Remembrance Day for the Victims of Communist Repression in the Bykivnya Forest


At 12.00 on Sunday 20 May a memorial gathering will take place to honour the Victims of Communist Repression buried in the “Bykivnya Graves” near Kyiv

At 12.00 a Requiem Service [panykhida] will be held by Church leaders near the common graves, followed from 13.00 to 14.00 by a gathering to honour the memory of all those victims whose remains lie buried in this forest.

Transport: from the metro station “Lisova” – 4 buses will be available for those wishing to attend the memorial events. Return will be between 14.00 and 16.00


The Bykivnya Forest holds the last earthly remains of victims of the communist regime. It is believed that 150 thousand people were buried there.

The burials date from 1937 to 1941 however there are also victims killed by the Bolsheviks from the end of the 1920s.  The number of victims is so great that two or three victims lie buried on each square metre of the territory.

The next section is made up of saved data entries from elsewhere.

lemma star_eqI: "(\<And>x y. cinner (Rep_bop a x) y = cinner x (Rep_bop b y)) \<Longrightarrow> star a = b"
  by (metis adj_eqI Rep_bop_inject star.rep_eq)

lemma star_add: "star (a + b) = star a + star b"
  by (rule star_eqI) (simp add: Rep_bop_apply cinner_add_left cinner_add_right cinner_star)

lemma star_diff: "star (a - b) = star a - star b"
  by (rule star_eqI) (simp add: Rep_bop_apply cinner_diff_left cinner_diff_right cinner_star)

lemma star_mult: "star (a * b) = star b * star a"
  by (rule star_eqI) (simp add: Rep_bop_apply cinner_star)

lemma star_one: "star 1 = 1"
  by (rule star_eqI) (simp add: Rep_bop_apply)

lemma star_scaleR: "star (r *\<^sub>R a) = r *\<^sub>R star a"
  by (rule star_eqI) (simp add: Rep_bop_apply cinner_scaleC_left cinner_scaleC_right cinner_star)

lemma star_cscale: "star (cscale c a) = cscale (cnj c) (star a)"
  by (rule star_eqI) (simp add: Rep_bop_apply cinner_scaleC_left cinner_scaleC_right cinner_star)

lemma cscale_mult_left: "cscale c a * b = cscale c (a * b)"
  and cscale_mult_right: "a * cscale c b = cscale c (a * b)"
  and cscale_cscale: "cscale c (cscale d a) = cscale (c * d) a"
  and cscale_add: "cscale c (a + b) = cscale c a + cscale c b"
  and scaleR_eq_cscale: "r *\<^sub>R a = cscale (complex_of_real r) a"
  and uminus_eq_cscale: "- a = cscale (- 1) a"
  by (transfer; auto simp: op_scale_def op_plus_def bounded_op_scaleC scaleC_scaleC scaleC_minus1
      scaleC_add_right)+

definition nonneg_bop :: "'a::chilbert_space bop \<Rightarrow> bool" where
  "nonneg_bop a \<longleftrightarrow> (\<forall>x. Im (cinner x (Rep_bop a x)) = 0 \<and> 0 \<le> Re (cinner x (Rep_bop a x)))"

lemma nonneg_bop_star_mult: "nonneg_bop (star b * a * b)" if "nonneg_bop a"
  using that unfolding nonneg_bop_def by (simp add: Rep_bop_apply cinner_star[symmetric])

lemma nonneg_bop_add: "nonneg_bop a \<Longrightarrow> nonneg_bop b \<Longrightarrow> nonneg_bop (a + b)"
  unfolding nonneg_bop_def by (simp add: Rep_bop_apply cinner_add_right)

lemma nonneg_bop_scaleR: "nonneg_bop a \<Longrightarrow> r \<ge> 0 \<Longrightarrow> nonneg_bop (r *\<^sub>R a)"
  unfolding nonneg_bop_def by (simp add: Rep_bop_apply cinner_scaleC_right)

lemma nonneg_bop_one: "nonneg_bop 1"
  unfolding nonneg_bop_def by (simp add: Rep_bop_apply cinner_self_Re_nonneg)

definition is_projection :: "'a::chilbert_space bop \<Rightarrow> bool" where
  "is_projection p \<longleftrightarrow> star p = p \<and> p * p = p"

lemma projection_Abs_bop:
  assumes "projection E"
  shows "Rep_bop (Abs_bop E) = E" "is_projection (Abs_bop E)"
proof -
  have "bounded_op E" "adj E = E" "E \<circ> E = E"
    using assms unfolding projection_def self_adjoint_def by auto
  thus E: "Rep_bop (Abs_bop E) = E" by (simp add: Abs_bop_inverse)
  with \<open>adj E = E\<close> \<open>E \<circ> E = E\<close> show "is_projection (Abs_bop E)"
    unfolding is_projection_def by (simp add: Rep_bop_inject[symmetric] star.rep_eq times_bop.rep_eq)
qed

lemma nonneg_bop_projection: "is_projection p \<Longrightarrow> nonneg_bop p"
  and nonneg_bop_one_minus_projection: "is_projection p \<Longrightarrow> nonneg_bop (1 - p)"
  using nonneg_bop_star_mult[OF nonneg_bop_one, of p] nonneg_bop_star_mult[OF nonneg_bop_one, of "1 - p"]
  by (simp_all add: is_projection_def star_diff star_one algebra_simps)

lemma sa_contraction_Rep_bop:
  assumes "star a = a" "nonneg_bop (a + 1)" "nonneg_bop (1 - a)"
  shows "sa_contraction (Rep_bop a)"
  using assms bounded_op_Rep_bop[of a]
  unfolding sa_contraction_def self_adjoint_def op_le_def nonneg_bop_def
  by (simp add: star.rep_eq[symmetric] Rep_bop_apply op_scale_def scaleC_minus1)

section \<open>Polynomial identities\<close>

text \<open>Polynomials of degree at most 4 in one element, by their coefficients, so that products of
  such polynomials can be computed on the coefficients.\<close>
definition poly4 :: "'a::{real_algebra,monoid_mult} \<Rightarrow> real \<Rightarrow> real \<Rightarrow> real \<Rightarrow> real \<Rightarrow> real \<Rightarrow> 'a" where
  "poly4 t a0 a1 a2 a3 a4 = a0 *\<^sub>R 1 + a1 *\<^sub>R t + a2 *\<^sub>R (t * t) + a3 *\<^sub>R (t * t * t) + a4 *\<^sub>R (t * t * t * t)"

lemma poly4_scaleR: "r *\<^sub>R poly4 t a0 a1 a2 a3 a4 = poly4 t (r*a0) (r*a1) (r*a2) (r*a3) (r*a4)"
  and poly4_add:
    "poly4 t a0 a1 a2 a3 a4 + poly4 t b0 b1 b2 b3 b4 = poly4 t (a0+b0) (a1+b1) (a2+b2) (a3+b3) (a4+b4)"
  and poly4_diff:
    "poly4 t a0 a1 a2 a3 a4 - poly4 t b0 b1 b2 b3 b4 = poly4 t (a0-b0) (a1-b1) (a2-b2) (a3-b3) (a4-b4)"
  and poly4_mult: "poly4 t a0 a1 a2 0 0 * poly4 t b0 b1 b2 0 0 =
    poly4 t (a0*b0) (a0*b1+a1*b0) (a0*b2+a1*b1+a2*b0) (a1*b2+a2*b1) (a2*b2)"
  unfolding poly4_def by (simp_all add: algebra_simps)

definition bell_poly :: "'a::{real_algebra,monoid_mult} \<Rightarrow> 'a" where
  "bell_poly t = (3/4) *\<^sub>R t - (1/16) *\<^sub>R (t * t * t)"

lemma one_minus_bell_poly:
  "1 - bell_poly t = (1/16) *\<^sub>R ((2 *\<^sub>R 1 - t) * (t + 4 *\<^sub>R 1) * (2 *\<^sub>R 1 - t))"
proof -
  have "2 *\<^sub>R 1 - t = poly4 t 2 (-1) 0 0 0" "t + 4 *\<^sub>R 1 = poly4 t 4 1 0 0 0"
    "1 - bell_poly t = poly4 t 1 (-3/4) 0 (1/16) 0"
    unfolding poly4_def bell_poly_def by (simp_all add: algebra_simps)
  thus ?thesis by (simp add: poly4_mult poly4_scaleR)
qed

lemma one_plus_bell_poly:
  "1 + bell_poly t = (1/16) *\<^sub>R ((2 *\<^sub>R 1 + t) * (4 *\<^sub>R 1 - t) * (2 *\<^sub>R 1 + t))"
proof -
  have "2 *\<^sub>R 1 + t = poly4 t 2 1 0 0 0" "4 *\<^sub>R 1 - t = poly4 t 4 (-1) 0 0 0"
    "1 + bell_poly t = poly4 t 1 (3/4) 0 (-1/16) 0"
    unfolding poly4_def bell_poly_def by (simp_all add: algebra_simps)
  thus ?thesis by (simp add: poly4_mult poly4_scaleR)
qed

Up to half of those buried were executed in the modern “Kinopalats” [“Cinema Palace”, which is the former Zhovtnevy [October] Palats, the premises of the NKVD].

Those attending the annual gathering of remembrance include people whose relatives lie buried in this place, as well as others whose relatives are buried in Siberia or Mordova.  There are also many who to this day do not know where those graves lie.

The Chair of the Kyiv Vasyl Stus “Memorial” Society Roman Krutsyk believes that the “Bykivnya Graves are important not only for the relatives of the Victims, but for the nation as a whole – for “the dead, the living and those not yet born”.

“It is the duty of each Ukrainian to remember the terrible crimes committed by the occupation regime against the Ukrainian people”.

The memorial gathering is initiated by the Kyiv Vasyl Stus “Memorial” Society.  Youth patriotic organizations are taking part in organizing the memorial events, as well as representatives of the central and local authorities. Over several years Viktor Yushchenko has attended the ceremonies. In 2002 Pope John Paul II visited the “Bykivnya Graves.